Cesko-Slovacko-Poljsko

First we prove the numbers $a_1,\dots ,a_n$ are mutually relatively prime. If this is not true, we have $(a_i,a_j)=d>1$ for some $i\ne j$. Put $a_i=u\cdot d$, $a_j=v\cdot d$. Set $b_i=1$, $b_j=2$. By (ii), there exist $m$, $c_i$, and $c_j$ such that $$m\cdot b_i=c_i^{a_i}\text{and}m\cdot b_j=c_j^{a_j},\text{therefore}m=(c_i^{a_i}{)}^d\text{and}2m=(c_j^{v_j}{)}^d.$$ So $2(c_i^{a_i}{)}^d=(c_j^{v_j}{)}^d$, which is not possible, since the exponent of $2$ in the prime factorization of the right hand side is and the one of the left hand side is not a multiple of $d$.

Assume that $a_1,\dots ,a_n$ are mutually relatively prime. We shall prove that the condition (ii) is fulfilled. Let $b_1,\dots ,b_n$ be any $n$-tuple of positive integers and $p_1,\dots ,p_k$ be all the prime divisors of $b_1,\dots ,b_n$. We look for $a_i$ in the form $$m=p_1^{a_1}\cdots p_k^{a_k}.$$ For $i=1,\dots ,n$, denote by ${\beta }_{i,j}$ the exponent of $p_j$ in the prime factorization of $b_i$. In order for $m\cdot b_i$ to be an $a_i$-th power, it suffices ${\alpha }_j+{\beta }_{i,j}$ to be a multiple of $a_i$ for $j=1,\dots ,k$. So we need ${\alpha }_j$ fulfilling the congruences $${\alpha }_j\equiv -{\beta }_{1,j}(\mathrm{mod}{a}_1),{\alpha }_j\equiv -{\beta }_{2,j}(\mathrm{mod}{a}_2),\dots {\alpha }_j\equiv -{\beta }_{n,j}(\mathrm{mod}{a}_n).$$ The existence of such ${\alpha }_j$ is guaranteed by Chinese Remainder Theorem (as $a_1,\dots ,a_n$ being mutually relatively prime).

We have proved the condition (ii) is satisfied if and only if the numbers $a_1,\dots ,a_n$ are mutually relatively prime. Among $1,2,\dots ,50$, there are exactly $15$ primes. If $n\ge 17$ then among $2\le a_2<a_3<\cdots <a_n\le 50$, there must be at least two numbers sharing the same prime number in their prime factorizations, hence not being relatively prime. Therefore we have $n\le 16$.

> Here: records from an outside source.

lemma coned_complex_lower_complex:
  assumes X: "X \<in> set_pmf (lower_hypergraph n q)" and coned: "all_small_sets_coned n X"
  shows "coned_complex {0..n} (lower_complex X)"
proof
  fix \<sigma> assume "\<sigma> \<in> lower_complex X"
  then have "\<sigma> \<noteq> {}" "X \<sigma>" unfolding lower_complex_def by auto
  moreover have "X \<sigma> \<Longrightarrow> \<sigma> \<in> lower_faces n"
    using X set_Pi_pmf_subset[OF finite_lower_faces, of n False "\<lambda>\<sigma>. bernoulli_pmf (q \<sigma>)"]
    unfolding lower_hypergraph_def by auto
  ultimately show "\<sigma> \<noteq> {} \<and> \<sigma> \<subseteq> {0..n}" unfolding lower_faces_def by auto
next
  fix \<sigma> \<tau> assume "\<sigma> \<in> lower_complex X" "\<tau> \<noteq> {}" "\<tau> \<subseteq> \<sigma>"
  then show "\<tau> \<in> lower_complex X" unfolding lower_complex_def by auto
next
  fix S :: "nat set" assume S: "S \<noteq> {}" "S \<subseteq> {0..n}" "card S \<le> 5"
  then have "S \<in> small_vertex_sets n" unfolding small_vertex_sets_def by blast
  then obtain w where w: "w \<notin> S" "\<And>\<sigma>. \<sigma> \<in> cone_faces S w \<Longrightarrow> X \<sigma>"
    using coned unfolding all_small_sets_coned_def by blast
  have cone: "insert w \<tau> \<in> lower_complex X"
    if \<tau>: "\<tau> \<in> lower_complex X \<or> \<tau> = {}" "\<tau> \<subseteq> S" "card \<tau> \<le> 2" for \<tau>
    unfolding lower_complex_def
  proof (intro CollectI conjI allI impI)
    fix \<rho> assume \<rho>: "\<rho> \<noteq> {} \<and> \<rho> \<subseteq> insert w \<tau>"
    show "X \<rho>"
    proof (cases "w \<in> \<rho>")
      case False
      then have "\<rho> \<subseteq> \<tau>" "\<tau> \<noteq> {}" using \<rho> by auto
      then show ?thesis using \<tau>(1) \<rho> unfolding lower_complex_def by blast
    next
      case True
      have "finite \<tau>" using finite_subset[OF subset_trans[OF \<tau>(2) S(2)]] by simp
      moreover have "\<rho> - {w} \<subseteq> \<tau>" using \<rho> by auto
      ultimately have "card (\<rho> - {w}) \<le> 2" using \<tau>(3) card_mono le_trans by blast
      moreover have "\<rho> - {w} \<subseteq> S" using \<open>\<rho> - {w} \<subseteq> \<tau>\<close> \<tau>(2) by blast
      ultimately have "\<rho> \<in> cone_faces S w"
        unfolding cone_faces_def using True by (intro image_eqI[of _ _ "\<rho> - {w}"]) auto
      then show ?thesis by (rule w(2))
    qed
  qed simp
  then have "{w} \<in> lower_complex X" using cone[of "{}"] by simp
  with cone show "\<exists>w. {w} \<in> lower_complex X \<and>
      (\<forall>\<tau>\<in>lower_complex X. \<tau> \<subseteq> S \<and> card \<tau> \<le> 2 \<longrightarrow> insert w \<tau> \<in> lower_complex X)"
    by blast
qed simp_all

locale lower_model_bounded_below =
  fixes n :: nat and q :: "nat set \<Rightarrow> real" and p :: real
  assumes three_le_n: "3 \<le> n" and p_nonneg: "0 \<le> p"
    and q_bounds: "\<sigma> \<in> lower_faces n \<Longrightarrow> p \<le> q \<sigma> \<and> q \<sigma> \<le> 1"
begin

lemma p_le_1: "p \<le> 1"
proof -
  have "{0} \<subseteq> {0..n}" "1 \<in> {0..n}" "1 \<notin> {0::nat}" using three_le_n by auto
  then have "{0} \<subset> {0..n}" by blast
  then show ?thesis using q_bounds[of "{0}"] unfolding lower_faces_def by auto
qed

lemma prob_cone_faces_ge:
  assumes "S \<subseteq> {0..n}" "card S \<le> 5" "w \<le> n"
  shows "p ^ 32 \<le> measure_pmf.prob (lower_hypergraph n q) {X. \<forall>\<sigma>\<in>cone_faces S w. X \<sigma>}"
proof -
  have faces: "cone_faces S w \<subseteq> lower_faces n"
    using cone_faces_subset_lower_faces assms three_le_n by blast
  have "finite S" using finite_subset[OF assms(1)] by simp
  have q_01: "0 \<le> q \<sigma> \<and> q \<sigma> \<le> 1" if "\<sigma> \<in> cone_faces S w" for \<sigma>
    using q_bounds[of \<sigma>] faces that p_nonneg by auto
  have "p ^ 32 \<le> p ^ card (cone_faces S w)"
    using card_cone_faces_le[OF \<open>finite S\<close> assms(2)] p_nonneg p_le_1 by (rule power_decreasing)
  also have "\<dots> = (\<Prod>\<sigma>\<in>cone_faces S w. p)" by simp
  also have "\<dots> \<le> (\<Prod>\<sigma>\<in>cone_faces S w. q \<sigma>)"
    using faces q_bounds p_nonneg by (intro prod_mono) auto
  also have "\<dots> = measure_pmf.prob (lower_hypergraph n q) {X. \<forall>\<sigma>\<in>cone_faces S w. X \<sigma>}"
    unfolding lower_hypergraph_def using faces q_01
    by (intro prob_Pi_bernoulli_all_true[symmetric] finite_lower_faces)
  finally show ?thesis .
qed

lemma prob_not_coned_le:
  assumes "S \<in> small_vertex_sets n"
  shows "measure_pmf.prob (lower_hypergraph n q) {X. \<forall>w\<in>{0..n} - S. \<not> (\<forall>\<sigma>\<in>cone_faces S w. X \<sigma>)}
    \<le> (1 - p ^ 32) ^ (n - 4)"
proof -
  have S: "S \<subseteq> {0..n}" "card S \<le> 5"
    using assms unfolding small_vertex_sets_def by auto
  have "finite S" using finite_subset[OF S(1)] by simp
  let ?W = "{0..n} - S"
  have "measure_pmf.prob (lower_hypergraph n q) {X. \<forall>w\<in>?W. \<not> (\<forall>\<sigma>\<in>cone_faces S w. X \<sigma>)} =
      (\<Prod>w\<in>?W. measure_pmf.prob (lower_hypergraph n q) {X. \<not> (\<forall>\<sigma>\<in>cone_faces S w. X \<sigma>)})"
    unfolding lower_hypergraph_def
    using cone_faces_subset_lower_faces S(1) three_le_n cone_faces_disjoint
    by (intro prob_Pi_pmf_all_indep[where D = "cone_faces S"] finite_lower_faces)
      (auto simp: determined_by_def)
  also have "\<dots> \<le> (\<Prod>w\<in>?W. 1 - p ^ 32)"
  proof (rule prod_mono)
    fix w assume "w \<in> ?W"
    then show "0 \<le> measure_pmf.prob (lower_hypergraph n q) {X. \<not> (\<forall>\<sigma>\<in>cone_faces S w. X \<sigma>)} \<and>
        measure_pmf.prob (lower_hypergraph n q) {X. \<not> (\<forall>\<sigma>\<in>cone_faces S w. X \<sigma>)} \<le> 1 - p ^ 32"
      using prob_cone_faces_ge[OF S(1,2), of w] measure_pmf_prob_Collect_not[of _ "\<lambda>X. \<forall>\<sigma>\<in>cone_faces S w. X \<sigma>"]
      by (simp del: ball_simps)
  qed
  also have "\<dots> = (1 - p ^ 32) ^ card ?W" by simp
  also have "\<dots> \<le> (1 - p ^ 32) ^ (n - 4)"
  proof (rule power_decreasing)
    show "n - 4 \<le> card ?W" using S \<open>finite S\<close> by (simp add: card_Diff_subset)
    show "0 \<le> 1 - p ^ 32" "1 - p ^ 32 \<le> 1"
      using p_nonneg p_le_1 by (auto simp: power_le_one)
  qed
  finally show ?thesis .
qed

lemma prob_not_all_small_sets_coned_le:
  "measure_pmf.prob (lower_hypergraph n q) {X. \<not> all_small_sets_coned n X}
    \<le> (real n + 1) ^ 5 * (1 - p ^ 32) ^ (n - 4)"
proof -
  let ?bad = "\<lambda>S. {X. \<forall>w\<in>{0..n} - S. \<not> (\<forall>\<sigma>\<in>cone_faces S w. X \<sigma>)}"
  have "{X. \<not> all_small_sets_coned n X} = (\<Union>S\<in>small_vertex_sets n. ?bad S)"
    unfolding all_small_sets_coned_def by auto
  then have "measure_pmf.prob (lower_hypergraph n q) {X. \<not> all_small_sets_coned n X}
      \<le> (\<Sum>S\<in>small_vertex_sets n. measure_pmf.prob (lower_hypergraph n q) (?bad S))"
    by (simp add: measure_pmf.finite_measure_subadditive_finite finite_small_vertex_sets)
  also have "\<dots> \<le> (\<Sum>S\<in>small_vertex_sets n. (1 - p ^ 32) ^ (n - 4))"
    by (intro sum_mono prob_not_coned_le)
  also have "\<dots> = real (card (small_vertex_sets n)) * (1 - p ^ 32) ^ (n - 4)" by simp
  also have "\<dots> \<le> (real n + 1) ^ 5 * (1 - p ^ 32) ^ (n - 4)"
  proof (rule mult_right_mono)
    show "real (card (small_vertex_sets n)) \<le> (real n + 1) ^ 5"
      using card_small_vertex_sets_le[of n] by (metis of_nat_1 of_nat_add of_nat_le_iff of_nat_power)
    show "0 \<le> (1 - p ^ 32) ^ (n - 4)"
      using p_nonneg p_le_1 by (simp add: power_le_one)
  qed
  finally show ?thesis .
qed

lemma prob_simply_connected_ge:
  "1 - (real n + 1) ^ 5 * (1 - p ^ 32) ^ (n - 4) \<le>
    measure_pmf.prob (lower_hypergraph n q) {X. simply_connected (realization (lower_complex X))}"
proof -
  have "measure_pmf.prob (lower_hypergraph n q) {X. all_small_sets_coned n X}
      \<le> measure_pmf.prob (lower_hypergraph n q) {X. simply_connected (realization (lower_complex X))}"
    using coned_complex.simply_connected_realization[OF coned_complex_lower_complex]
    by (intro measure_pmf.finite_measure_mono_AE AE_pmfI) auto
  moreover have "measure_pmf.prob (lower_hypergraph n q) {X. all_small_sets_coned n X}
      = 1 - measure_pmf.prob (lower_hypergraph n q) {X. \<not> all_small_sets_coned n X}"
    using measure_pmf_prob_Collect_not[of "lower_hypergraph n q" "all_small_sets_coned n"] by linarith
  ultimately show ?thesis using prob_not_all_small_sets_coned_le by linarith
qed

end

theorem proposition6p3:
  fixes p P :: real and q :: "nat \<Rightarrow> nat set \<Rightarrow> real"
  assumes "0 < p" and "p \<le> P" and "P < 1"
    and "\<And>n \<sigma>. \<sigma> \<in> lower_faces n \<Longrightarrow> p \<le> q n \<sigma> \<and> q n \<sigma> \<le> P"
  shows "(\<lambda>n. measure_pmf.prob (lower_hypergraph n (q n))
            {X. simply_connected (realization (lower_complex X))}) \<longlonglongrightarrow> 1"
proof -
  define c where "c = 1 - p ^ 32"
  have c: "0 < c" "c < 1"
    unfolding c_def using assms(1-3) by (auto simp: power_less_one_iff)
  have model: "lower_model_bounded_below n (q n) p" if "3 \<le> n" for n
  proof
    show "3 \<le> n" "0 \<le> p" using that assms(1) by auto
    show "p \<le> q n \<sigma> \<and> q n \<sigma> \<le> 1" if "\<sigma> \<in> lower_faces n" for \<sigma>
      using assms(3) assms(4)[OF that] by auto
  qed
  have lower: "\<forall>\<^sub>F n in sequentially. 1 - (real n + 1) ^ 5 * c ^ (n - 4) \<le>
      measure_pmf.prob (lower_hypergraph n (q n)) {X. simply_connected (realization (lower_complex X))}"
    unfolding c_def using eventually_ge_at_top[of 3]
    by eventually_elim (rule lower_model_bounded_below.prob_simply_connected_ge[OF model])
  have upper: "\<forall>\<^sub>F n in sequentially.
      measure_pmf.prob (lower_hypergraph n (q n)) {X. simply_connected (realization (lower_complex X))} \<le> 1"
    by (simp add: measure_pmf.prob_le_1)
  have "(\<lambda>n. (real n + 5) ^ 5 * c ^ n) \<longlonglongrightarrow> 0"
    using c by real_asymp
  then have "(\<lambda>n. (real (n + 4) + 1) ^ 5 * c ^ (n + 4 - 4)) \<longlonglongrightarrow> 0"
    by (simp add: add.assoc)
  then have "(\<lambda>n. (real n + 1) ^ 5 * c ^ (n - 4)) \<longlonglongrightarrow> 0"
    by (rule LIMSEQ_offset[where k = 4])
  then have "(\<lambda>n. 1 - (real n + 1) ^ 5 * c ^ (n - 4)) \<longlonglongrightarrow> 1 - 0"
    by (intro tendsto_diff tendsto_const)
  then show ?thesis by (intro tendsto_sandwich[OF lower upper]) auto
qed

If $n=16$, then $a_1=1$ and $a_2,a_3,\dots ,a_{16}$ must be the powers of different primes. We list the powers of primes which can be used: $$\begin{array}{lclc}p& =& 2:& 2,4,8,16,32,\\ p& =& 3:& 3,9,27,\\ p& =& 5:& 5,25,\\ p& =& 7:& 7,49,\\ p& \ge & 11:& \text{only }p.\end{array}$$ Then the total number of the corresponding $16$-tuples is $5\cdot 3\cdot 2\cdot 2=60$.